■ EXERCISE DESCRIPTION ■
Say how many lines in the records include the string "only", adding no other words.

-- GIVEN RECORDS follows --

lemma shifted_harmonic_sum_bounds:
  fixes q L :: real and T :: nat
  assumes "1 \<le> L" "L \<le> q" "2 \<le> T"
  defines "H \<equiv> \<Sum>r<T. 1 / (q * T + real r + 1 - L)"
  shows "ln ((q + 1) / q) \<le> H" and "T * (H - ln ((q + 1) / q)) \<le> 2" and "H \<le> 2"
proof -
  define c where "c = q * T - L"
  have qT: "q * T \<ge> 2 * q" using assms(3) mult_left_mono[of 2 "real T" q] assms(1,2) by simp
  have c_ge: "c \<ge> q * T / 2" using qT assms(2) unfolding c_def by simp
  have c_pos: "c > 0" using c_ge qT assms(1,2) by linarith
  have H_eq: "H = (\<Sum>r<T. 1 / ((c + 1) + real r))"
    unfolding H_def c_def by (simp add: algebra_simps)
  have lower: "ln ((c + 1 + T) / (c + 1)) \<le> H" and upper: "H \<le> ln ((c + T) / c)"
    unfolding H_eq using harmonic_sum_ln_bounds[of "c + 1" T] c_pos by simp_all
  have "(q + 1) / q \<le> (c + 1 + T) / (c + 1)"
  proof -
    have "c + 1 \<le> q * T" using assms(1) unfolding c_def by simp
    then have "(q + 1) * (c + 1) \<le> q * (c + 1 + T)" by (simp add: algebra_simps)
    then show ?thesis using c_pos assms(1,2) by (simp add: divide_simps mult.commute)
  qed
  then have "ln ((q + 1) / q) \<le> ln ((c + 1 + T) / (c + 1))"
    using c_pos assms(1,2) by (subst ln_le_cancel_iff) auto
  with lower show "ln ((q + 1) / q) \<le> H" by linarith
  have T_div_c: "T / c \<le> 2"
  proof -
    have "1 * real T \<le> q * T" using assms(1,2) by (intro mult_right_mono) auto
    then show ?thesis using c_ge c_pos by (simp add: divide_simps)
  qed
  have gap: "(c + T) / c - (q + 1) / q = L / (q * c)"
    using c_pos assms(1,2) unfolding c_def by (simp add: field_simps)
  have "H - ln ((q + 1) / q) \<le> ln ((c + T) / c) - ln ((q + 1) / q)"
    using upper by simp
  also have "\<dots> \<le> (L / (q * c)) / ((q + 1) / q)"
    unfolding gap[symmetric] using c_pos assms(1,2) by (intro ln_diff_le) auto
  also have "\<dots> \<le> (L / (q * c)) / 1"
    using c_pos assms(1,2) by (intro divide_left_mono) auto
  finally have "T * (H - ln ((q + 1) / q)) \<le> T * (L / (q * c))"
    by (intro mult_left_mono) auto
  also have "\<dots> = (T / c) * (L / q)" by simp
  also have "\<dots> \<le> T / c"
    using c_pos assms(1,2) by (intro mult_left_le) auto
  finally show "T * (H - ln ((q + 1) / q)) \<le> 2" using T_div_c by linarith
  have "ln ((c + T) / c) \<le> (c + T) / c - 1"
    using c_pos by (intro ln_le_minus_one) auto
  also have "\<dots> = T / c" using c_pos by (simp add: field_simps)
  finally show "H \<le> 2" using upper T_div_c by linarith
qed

-- GIVEN RECORDS concluded --
-- GIVEN RECORDS follows --

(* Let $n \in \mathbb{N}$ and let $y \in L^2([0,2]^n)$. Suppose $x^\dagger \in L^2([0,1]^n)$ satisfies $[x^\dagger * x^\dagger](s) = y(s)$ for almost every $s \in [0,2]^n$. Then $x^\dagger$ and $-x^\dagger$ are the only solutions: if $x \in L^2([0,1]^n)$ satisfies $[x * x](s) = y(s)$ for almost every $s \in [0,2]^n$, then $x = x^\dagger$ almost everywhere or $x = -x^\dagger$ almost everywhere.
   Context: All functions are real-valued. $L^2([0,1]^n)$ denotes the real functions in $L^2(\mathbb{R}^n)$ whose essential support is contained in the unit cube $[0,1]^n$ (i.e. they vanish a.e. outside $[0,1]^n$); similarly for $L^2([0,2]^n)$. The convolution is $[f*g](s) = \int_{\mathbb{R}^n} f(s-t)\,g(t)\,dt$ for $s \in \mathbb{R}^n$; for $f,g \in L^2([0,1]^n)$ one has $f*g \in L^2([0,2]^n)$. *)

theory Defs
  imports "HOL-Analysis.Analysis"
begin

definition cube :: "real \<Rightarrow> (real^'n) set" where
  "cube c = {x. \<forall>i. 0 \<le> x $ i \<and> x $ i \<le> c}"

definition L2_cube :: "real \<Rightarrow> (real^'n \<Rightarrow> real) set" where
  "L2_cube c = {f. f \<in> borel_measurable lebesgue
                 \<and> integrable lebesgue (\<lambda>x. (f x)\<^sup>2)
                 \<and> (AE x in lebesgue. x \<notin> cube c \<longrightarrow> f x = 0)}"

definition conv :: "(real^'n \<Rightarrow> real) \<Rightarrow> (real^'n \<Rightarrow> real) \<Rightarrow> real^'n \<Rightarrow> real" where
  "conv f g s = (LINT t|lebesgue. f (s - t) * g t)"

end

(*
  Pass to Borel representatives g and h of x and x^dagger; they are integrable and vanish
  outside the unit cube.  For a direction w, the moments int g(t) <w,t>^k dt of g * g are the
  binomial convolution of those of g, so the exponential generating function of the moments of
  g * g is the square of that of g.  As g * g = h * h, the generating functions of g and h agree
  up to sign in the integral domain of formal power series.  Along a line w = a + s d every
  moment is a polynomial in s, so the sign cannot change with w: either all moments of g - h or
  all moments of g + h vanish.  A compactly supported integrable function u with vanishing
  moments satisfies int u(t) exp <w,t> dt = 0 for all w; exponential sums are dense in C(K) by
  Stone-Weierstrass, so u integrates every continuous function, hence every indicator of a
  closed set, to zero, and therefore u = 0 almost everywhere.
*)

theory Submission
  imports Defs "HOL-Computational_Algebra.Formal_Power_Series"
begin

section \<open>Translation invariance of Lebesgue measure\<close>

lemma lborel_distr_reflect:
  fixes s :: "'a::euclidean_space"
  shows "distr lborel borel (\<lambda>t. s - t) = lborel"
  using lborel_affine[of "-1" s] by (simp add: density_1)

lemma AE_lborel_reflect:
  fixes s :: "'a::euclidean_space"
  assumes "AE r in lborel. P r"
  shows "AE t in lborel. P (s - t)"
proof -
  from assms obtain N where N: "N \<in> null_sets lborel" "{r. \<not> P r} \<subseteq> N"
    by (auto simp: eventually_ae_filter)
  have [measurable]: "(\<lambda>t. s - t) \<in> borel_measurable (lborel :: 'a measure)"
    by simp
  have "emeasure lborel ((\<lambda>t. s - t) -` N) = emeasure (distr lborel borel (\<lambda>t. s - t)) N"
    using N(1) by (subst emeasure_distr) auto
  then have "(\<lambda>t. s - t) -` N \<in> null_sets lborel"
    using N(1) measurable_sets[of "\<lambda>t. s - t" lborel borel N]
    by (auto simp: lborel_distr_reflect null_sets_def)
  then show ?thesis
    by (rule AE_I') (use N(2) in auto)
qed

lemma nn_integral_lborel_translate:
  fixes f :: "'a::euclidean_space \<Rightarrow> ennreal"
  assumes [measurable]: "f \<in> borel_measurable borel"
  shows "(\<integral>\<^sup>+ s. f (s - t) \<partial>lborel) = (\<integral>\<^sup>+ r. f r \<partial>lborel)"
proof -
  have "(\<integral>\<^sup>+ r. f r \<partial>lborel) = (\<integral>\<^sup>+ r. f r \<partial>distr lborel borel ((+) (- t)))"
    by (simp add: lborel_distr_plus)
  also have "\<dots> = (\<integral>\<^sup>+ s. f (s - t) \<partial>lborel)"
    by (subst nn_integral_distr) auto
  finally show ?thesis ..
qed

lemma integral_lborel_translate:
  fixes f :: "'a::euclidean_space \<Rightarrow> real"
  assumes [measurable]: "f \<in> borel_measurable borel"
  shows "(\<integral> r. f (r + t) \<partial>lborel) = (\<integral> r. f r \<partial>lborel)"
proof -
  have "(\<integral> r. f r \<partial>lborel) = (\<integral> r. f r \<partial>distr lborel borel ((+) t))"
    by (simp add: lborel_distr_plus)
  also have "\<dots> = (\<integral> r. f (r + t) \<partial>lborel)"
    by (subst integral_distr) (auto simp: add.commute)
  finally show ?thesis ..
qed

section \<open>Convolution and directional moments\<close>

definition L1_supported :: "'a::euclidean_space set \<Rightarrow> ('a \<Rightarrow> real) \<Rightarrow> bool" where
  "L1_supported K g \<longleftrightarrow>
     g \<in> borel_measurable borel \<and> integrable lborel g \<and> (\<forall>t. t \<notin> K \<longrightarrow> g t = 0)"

-- GIVEN RECORDS concluded --
-- GIVEN RECORDS follows --

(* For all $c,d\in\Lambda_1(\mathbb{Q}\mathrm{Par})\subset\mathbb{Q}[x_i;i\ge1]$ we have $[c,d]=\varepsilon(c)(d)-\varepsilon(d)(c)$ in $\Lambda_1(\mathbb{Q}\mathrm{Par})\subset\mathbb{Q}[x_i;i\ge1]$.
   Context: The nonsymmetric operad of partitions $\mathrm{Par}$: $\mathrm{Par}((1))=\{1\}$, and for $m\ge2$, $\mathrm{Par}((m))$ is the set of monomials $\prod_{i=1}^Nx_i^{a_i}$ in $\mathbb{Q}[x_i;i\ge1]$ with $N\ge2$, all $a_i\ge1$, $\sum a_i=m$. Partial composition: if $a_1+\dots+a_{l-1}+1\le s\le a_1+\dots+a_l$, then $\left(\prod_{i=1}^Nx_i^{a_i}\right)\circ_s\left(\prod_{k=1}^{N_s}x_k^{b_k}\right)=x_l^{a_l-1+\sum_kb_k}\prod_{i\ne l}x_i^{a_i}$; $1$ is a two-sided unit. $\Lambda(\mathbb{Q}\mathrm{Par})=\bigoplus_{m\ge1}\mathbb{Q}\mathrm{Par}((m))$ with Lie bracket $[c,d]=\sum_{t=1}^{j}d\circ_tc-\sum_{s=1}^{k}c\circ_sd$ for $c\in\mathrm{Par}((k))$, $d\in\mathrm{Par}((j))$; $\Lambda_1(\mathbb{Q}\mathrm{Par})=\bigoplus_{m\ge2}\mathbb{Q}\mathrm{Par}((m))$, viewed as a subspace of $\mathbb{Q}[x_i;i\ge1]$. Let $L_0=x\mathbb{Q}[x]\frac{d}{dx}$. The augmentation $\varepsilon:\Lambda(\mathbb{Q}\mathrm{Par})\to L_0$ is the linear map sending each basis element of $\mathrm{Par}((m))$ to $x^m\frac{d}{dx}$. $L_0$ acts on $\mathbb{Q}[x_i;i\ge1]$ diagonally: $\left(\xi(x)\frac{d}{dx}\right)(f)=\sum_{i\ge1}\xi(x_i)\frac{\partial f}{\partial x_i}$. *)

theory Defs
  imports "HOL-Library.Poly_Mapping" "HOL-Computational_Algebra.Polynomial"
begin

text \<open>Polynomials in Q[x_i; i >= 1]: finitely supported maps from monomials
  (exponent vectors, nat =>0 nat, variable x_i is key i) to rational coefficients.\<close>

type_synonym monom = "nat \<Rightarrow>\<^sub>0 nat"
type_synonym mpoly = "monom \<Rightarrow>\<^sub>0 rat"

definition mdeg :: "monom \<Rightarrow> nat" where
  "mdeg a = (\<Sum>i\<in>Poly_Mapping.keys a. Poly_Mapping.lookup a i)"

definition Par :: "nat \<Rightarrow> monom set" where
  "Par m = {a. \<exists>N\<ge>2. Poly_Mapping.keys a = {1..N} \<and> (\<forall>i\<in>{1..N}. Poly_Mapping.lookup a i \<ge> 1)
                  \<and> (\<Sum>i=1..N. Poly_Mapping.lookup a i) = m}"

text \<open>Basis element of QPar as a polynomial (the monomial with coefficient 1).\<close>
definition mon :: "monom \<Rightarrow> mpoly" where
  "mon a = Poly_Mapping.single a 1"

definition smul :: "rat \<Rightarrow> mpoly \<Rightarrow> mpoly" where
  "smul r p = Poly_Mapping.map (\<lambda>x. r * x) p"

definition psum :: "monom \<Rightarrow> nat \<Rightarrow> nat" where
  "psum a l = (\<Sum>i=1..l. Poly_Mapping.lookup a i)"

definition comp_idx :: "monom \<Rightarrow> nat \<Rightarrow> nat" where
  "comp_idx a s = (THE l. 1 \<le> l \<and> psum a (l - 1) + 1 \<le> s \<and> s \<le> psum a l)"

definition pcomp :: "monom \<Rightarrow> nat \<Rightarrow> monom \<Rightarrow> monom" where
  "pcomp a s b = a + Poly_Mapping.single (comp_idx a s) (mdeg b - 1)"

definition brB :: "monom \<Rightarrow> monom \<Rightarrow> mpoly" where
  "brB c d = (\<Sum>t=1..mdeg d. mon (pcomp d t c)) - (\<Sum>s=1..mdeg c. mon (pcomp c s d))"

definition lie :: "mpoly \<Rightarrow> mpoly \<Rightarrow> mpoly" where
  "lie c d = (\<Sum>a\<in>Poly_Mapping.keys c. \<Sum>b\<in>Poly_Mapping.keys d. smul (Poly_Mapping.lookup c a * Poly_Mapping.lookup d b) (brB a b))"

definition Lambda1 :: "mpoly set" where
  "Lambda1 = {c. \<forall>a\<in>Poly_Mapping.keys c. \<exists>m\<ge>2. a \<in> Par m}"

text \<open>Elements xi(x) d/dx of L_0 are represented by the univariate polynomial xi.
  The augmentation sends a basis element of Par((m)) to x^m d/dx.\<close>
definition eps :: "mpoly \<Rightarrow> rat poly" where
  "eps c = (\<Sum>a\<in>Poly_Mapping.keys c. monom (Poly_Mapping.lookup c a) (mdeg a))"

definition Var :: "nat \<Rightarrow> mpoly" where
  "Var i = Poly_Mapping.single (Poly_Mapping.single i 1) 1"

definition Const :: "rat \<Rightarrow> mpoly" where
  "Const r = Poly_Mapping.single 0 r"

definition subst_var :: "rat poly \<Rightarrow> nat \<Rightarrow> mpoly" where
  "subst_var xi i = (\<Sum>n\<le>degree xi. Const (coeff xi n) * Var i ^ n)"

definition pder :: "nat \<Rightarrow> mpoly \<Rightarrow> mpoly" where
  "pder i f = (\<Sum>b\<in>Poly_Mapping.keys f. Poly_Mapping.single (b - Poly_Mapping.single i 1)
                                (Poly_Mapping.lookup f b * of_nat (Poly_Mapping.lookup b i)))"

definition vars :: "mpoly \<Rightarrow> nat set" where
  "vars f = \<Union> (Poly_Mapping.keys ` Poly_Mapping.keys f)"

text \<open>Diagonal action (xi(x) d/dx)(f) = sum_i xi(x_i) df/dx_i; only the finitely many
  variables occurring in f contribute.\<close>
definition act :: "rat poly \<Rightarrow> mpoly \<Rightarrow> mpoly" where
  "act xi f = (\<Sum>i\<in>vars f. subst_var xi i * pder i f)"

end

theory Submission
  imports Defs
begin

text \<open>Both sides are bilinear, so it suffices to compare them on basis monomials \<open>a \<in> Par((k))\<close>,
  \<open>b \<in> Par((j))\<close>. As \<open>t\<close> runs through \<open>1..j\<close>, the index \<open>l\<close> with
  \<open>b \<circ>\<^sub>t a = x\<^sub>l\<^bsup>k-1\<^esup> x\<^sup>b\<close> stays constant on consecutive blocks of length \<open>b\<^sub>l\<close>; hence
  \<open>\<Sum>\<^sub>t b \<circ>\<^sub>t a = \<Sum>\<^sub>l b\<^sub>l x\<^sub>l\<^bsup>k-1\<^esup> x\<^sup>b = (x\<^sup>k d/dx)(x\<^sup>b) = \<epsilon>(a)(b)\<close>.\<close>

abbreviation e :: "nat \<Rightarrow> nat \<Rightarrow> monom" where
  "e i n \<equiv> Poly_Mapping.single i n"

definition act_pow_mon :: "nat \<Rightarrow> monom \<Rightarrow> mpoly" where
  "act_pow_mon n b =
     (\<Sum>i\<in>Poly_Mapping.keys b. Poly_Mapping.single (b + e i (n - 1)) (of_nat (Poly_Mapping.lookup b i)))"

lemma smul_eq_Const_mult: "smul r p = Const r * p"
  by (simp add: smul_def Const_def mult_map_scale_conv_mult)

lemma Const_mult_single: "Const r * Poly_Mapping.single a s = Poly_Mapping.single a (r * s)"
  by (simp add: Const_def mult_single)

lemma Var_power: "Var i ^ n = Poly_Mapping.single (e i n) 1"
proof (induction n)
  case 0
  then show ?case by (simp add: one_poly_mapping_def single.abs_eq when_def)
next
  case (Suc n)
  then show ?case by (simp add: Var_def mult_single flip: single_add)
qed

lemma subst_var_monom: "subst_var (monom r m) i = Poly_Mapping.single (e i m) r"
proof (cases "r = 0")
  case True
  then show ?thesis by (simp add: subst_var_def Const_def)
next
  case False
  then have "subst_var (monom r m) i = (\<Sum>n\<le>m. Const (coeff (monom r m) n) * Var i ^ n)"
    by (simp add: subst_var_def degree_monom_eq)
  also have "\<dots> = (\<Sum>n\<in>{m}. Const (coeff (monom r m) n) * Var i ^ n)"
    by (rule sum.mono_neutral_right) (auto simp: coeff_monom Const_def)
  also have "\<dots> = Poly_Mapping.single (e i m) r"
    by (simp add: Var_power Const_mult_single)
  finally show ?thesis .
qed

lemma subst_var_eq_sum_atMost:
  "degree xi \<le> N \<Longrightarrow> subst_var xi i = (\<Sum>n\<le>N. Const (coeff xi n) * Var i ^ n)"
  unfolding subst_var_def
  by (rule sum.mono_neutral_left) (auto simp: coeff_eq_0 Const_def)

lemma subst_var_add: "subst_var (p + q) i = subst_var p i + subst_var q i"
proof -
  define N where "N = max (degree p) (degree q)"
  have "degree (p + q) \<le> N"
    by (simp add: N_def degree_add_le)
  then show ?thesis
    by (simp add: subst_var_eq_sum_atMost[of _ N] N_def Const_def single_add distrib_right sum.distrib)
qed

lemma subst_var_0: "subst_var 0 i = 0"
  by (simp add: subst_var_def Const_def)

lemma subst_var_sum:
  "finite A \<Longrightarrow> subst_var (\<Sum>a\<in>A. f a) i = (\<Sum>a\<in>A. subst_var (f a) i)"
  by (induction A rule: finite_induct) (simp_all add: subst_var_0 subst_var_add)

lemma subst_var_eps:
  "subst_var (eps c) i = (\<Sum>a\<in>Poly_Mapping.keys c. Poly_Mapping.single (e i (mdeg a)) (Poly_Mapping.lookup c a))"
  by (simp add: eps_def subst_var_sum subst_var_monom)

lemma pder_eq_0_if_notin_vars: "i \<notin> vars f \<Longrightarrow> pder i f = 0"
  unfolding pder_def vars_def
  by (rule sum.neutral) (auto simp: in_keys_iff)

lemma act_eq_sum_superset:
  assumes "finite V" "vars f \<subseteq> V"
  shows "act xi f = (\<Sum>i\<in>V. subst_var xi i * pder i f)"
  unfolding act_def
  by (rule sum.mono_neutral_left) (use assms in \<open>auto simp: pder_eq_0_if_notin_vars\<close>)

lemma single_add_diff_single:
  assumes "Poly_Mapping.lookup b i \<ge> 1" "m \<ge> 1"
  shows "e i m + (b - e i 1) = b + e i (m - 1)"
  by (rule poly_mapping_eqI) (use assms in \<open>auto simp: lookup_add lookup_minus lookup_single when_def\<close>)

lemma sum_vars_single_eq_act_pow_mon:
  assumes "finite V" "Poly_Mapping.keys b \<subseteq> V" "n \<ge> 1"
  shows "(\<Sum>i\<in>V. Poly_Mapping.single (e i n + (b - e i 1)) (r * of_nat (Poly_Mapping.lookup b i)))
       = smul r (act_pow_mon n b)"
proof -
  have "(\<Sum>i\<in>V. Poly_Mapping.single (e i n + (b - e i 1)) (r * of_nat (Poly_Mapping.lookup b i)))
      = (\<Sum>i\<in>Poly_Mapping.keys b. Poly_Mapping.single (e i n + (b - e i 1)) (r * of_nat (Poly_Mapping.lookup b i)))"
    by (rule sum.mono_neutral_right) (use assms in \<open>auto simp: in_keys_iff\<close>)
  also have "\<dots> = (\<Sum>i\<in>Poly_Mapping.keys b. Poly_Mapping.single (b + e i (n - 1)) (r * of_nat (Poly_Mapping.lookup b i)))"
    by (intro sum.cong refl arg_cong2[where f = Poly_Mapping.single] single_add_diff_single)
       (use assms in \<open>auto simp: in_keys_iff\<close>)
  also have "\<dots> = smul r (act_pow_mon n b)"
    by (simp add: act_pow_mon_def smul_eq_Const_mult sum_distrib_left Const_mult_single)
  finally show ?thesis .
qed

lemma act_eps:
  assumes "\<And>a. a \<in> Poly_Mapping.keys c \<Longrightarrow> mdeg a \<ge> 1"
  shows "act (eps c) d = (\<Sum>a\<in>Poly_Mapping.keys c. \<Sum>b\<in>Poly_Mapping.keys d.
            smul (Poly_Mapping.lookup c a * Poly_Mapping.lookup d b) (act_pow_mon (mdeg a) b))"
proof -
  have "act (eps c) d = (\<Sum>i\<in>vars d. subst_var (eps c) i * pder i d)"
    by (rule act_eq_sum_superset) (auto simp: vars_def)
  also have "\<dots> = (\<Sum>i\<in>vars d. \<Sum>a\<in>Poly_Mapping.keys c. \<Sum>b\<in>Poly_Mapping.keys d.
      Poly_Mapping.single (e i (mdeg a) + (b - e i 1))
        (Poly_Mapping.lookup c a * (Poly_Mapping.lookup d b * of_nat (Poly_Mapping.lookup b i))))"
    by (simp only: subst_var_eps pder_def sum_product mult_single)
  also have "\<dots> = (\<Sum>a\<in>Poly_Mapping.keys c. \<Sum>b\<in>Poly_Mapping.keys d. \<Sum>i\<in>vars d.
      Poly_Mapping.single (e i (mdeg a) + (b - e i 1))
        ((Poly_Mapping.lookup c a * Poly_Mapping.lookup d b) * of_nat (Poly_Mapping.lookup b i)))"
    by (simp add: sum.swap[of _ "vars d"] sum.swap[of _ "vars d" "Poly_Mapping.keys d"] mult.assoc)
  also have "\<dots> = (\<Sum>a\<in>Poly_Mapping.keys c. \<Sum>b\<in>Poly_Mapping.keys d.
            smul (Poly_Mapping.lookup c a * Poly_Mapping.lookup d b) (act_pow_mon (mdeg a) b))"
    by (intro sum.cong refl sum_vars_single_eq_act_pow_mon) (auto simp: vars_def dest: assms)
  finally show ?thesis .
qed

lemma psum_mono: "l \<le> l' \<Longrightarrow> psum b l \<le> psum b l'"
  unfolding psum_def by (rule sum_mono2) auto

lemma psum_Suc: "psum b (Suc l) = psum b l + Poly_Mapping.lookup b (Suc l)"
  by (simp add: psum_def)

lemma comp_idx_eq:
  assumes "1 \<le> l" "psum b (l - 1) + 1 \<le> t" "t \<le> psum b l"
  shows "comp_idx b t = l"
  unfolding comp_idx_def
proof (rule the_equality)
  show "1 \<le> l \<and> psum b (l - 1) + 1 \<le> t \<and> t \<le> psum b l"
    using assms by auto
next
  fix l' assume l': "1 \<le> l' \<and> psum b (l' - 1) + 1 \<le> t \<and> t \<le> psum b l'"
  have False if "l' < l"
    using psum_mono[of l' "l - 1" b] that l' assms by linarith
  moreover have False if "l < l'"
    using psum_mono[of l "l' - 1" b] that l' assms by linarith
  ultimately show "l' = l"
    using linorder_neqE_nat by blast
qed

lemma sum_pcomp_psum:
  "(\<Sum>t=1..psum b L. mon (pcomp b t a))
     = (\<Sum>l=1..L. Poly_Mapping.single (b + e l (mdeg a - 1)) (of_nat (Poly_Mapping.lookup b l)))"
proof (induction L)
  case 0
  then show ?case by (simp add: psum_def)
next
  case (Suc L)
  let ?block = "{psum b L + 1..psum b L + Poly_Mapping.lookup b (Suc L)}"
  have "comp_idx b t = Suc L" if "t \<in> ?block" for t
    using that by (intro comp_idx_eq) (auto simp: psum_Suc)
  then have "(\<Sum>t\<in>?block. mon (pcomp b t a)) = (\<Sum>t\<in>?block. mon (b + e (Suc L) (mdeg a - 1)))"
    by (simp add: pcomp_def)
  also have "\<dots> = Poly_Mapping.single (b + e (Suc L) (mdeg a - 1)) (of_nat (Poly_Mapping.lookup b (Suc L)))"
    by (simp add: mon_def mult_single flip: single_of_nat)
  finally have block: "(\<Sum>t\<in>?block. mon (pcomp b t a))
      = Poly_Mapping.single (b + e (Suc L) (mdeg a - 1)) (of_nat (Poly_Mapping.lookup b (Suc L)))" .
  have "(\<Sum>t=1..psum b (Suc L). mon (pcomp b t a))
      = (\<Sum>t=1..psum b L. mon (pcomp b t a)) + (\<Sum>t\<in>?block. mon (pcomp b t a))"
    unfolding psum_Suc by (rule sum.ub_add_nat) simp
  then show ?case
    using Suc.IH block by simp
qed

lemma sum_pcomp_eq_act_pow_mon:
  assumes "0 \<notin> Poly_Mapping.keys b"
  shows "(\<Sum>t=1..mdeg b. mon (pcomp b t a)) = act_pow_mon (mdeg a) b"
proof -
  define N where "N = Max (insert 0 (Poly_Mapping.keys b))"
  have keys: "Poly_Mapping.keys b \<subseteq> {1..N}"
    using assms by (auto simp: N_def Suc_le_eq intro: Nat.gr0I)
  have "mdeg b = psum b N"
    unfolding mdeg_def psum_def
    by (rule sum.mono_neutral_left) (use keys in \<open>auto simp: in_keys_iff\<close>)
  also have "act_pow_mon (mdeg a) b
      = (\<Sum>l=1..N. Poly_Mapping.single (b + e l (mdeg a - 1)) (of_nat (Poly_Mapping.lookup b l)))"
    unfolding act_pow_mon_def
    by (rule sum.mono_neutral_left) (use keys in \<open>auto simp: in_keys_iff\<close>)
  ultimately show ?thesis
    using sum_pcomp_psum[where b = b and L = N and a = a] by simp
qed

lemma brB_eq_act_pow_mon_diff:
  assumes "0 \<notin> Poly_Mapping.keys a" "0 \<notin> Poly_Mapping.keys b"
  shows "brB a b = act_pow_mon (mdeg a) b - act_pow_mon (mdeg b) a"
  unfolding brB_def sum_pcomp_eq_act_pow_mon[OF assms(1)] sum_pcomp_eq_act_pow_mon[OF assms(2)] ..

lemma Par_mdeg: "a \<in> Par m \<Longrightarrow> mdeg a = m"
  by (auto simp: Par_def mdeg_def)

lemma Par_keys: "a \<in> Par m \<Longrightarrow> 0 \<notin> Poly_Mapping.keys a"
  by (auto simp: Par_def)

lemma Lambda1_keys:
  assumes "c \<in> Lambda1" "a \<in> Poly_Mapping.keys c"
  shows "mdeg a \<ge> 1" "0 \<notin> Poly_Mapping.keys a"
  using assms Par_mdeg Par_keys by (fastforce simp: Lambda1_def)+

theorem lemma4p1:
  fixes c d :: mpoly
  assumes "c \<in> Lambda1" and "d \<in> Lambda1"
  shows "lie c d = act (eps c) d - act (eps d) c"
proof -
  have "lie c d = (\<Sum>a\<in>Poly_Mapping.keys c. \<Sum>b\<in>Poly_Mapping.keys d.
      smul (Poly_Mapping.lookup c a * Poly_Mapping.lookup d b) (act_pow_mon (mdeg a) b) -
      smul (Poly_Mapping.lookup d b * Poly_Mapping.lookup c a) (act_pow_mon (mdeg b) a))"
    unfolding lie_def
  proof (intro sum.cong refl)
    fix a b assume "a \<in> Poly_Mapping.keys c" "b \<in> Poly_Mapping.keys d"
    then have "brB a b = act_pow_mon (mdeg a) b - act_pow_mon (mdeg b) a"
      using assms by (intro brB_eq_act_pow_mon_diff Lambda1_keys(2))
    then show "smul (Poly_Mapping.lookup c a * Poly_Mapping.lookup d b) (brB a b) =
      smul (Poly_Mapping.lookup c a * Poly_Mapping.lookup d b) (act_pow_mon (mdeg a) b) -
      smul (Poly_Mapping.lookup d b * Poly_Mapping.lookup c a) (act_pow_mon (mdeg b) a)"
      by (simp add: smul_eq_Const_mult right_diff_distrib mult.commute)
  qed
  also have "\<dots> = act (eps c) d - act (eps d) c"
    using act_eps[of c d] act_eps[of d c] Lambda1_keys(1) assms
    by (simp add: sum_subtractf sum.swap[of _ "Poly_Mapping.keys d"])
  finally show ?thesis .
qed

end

-- GIVEN RECORDS concluded --

■ COMPLETED TASK ■
3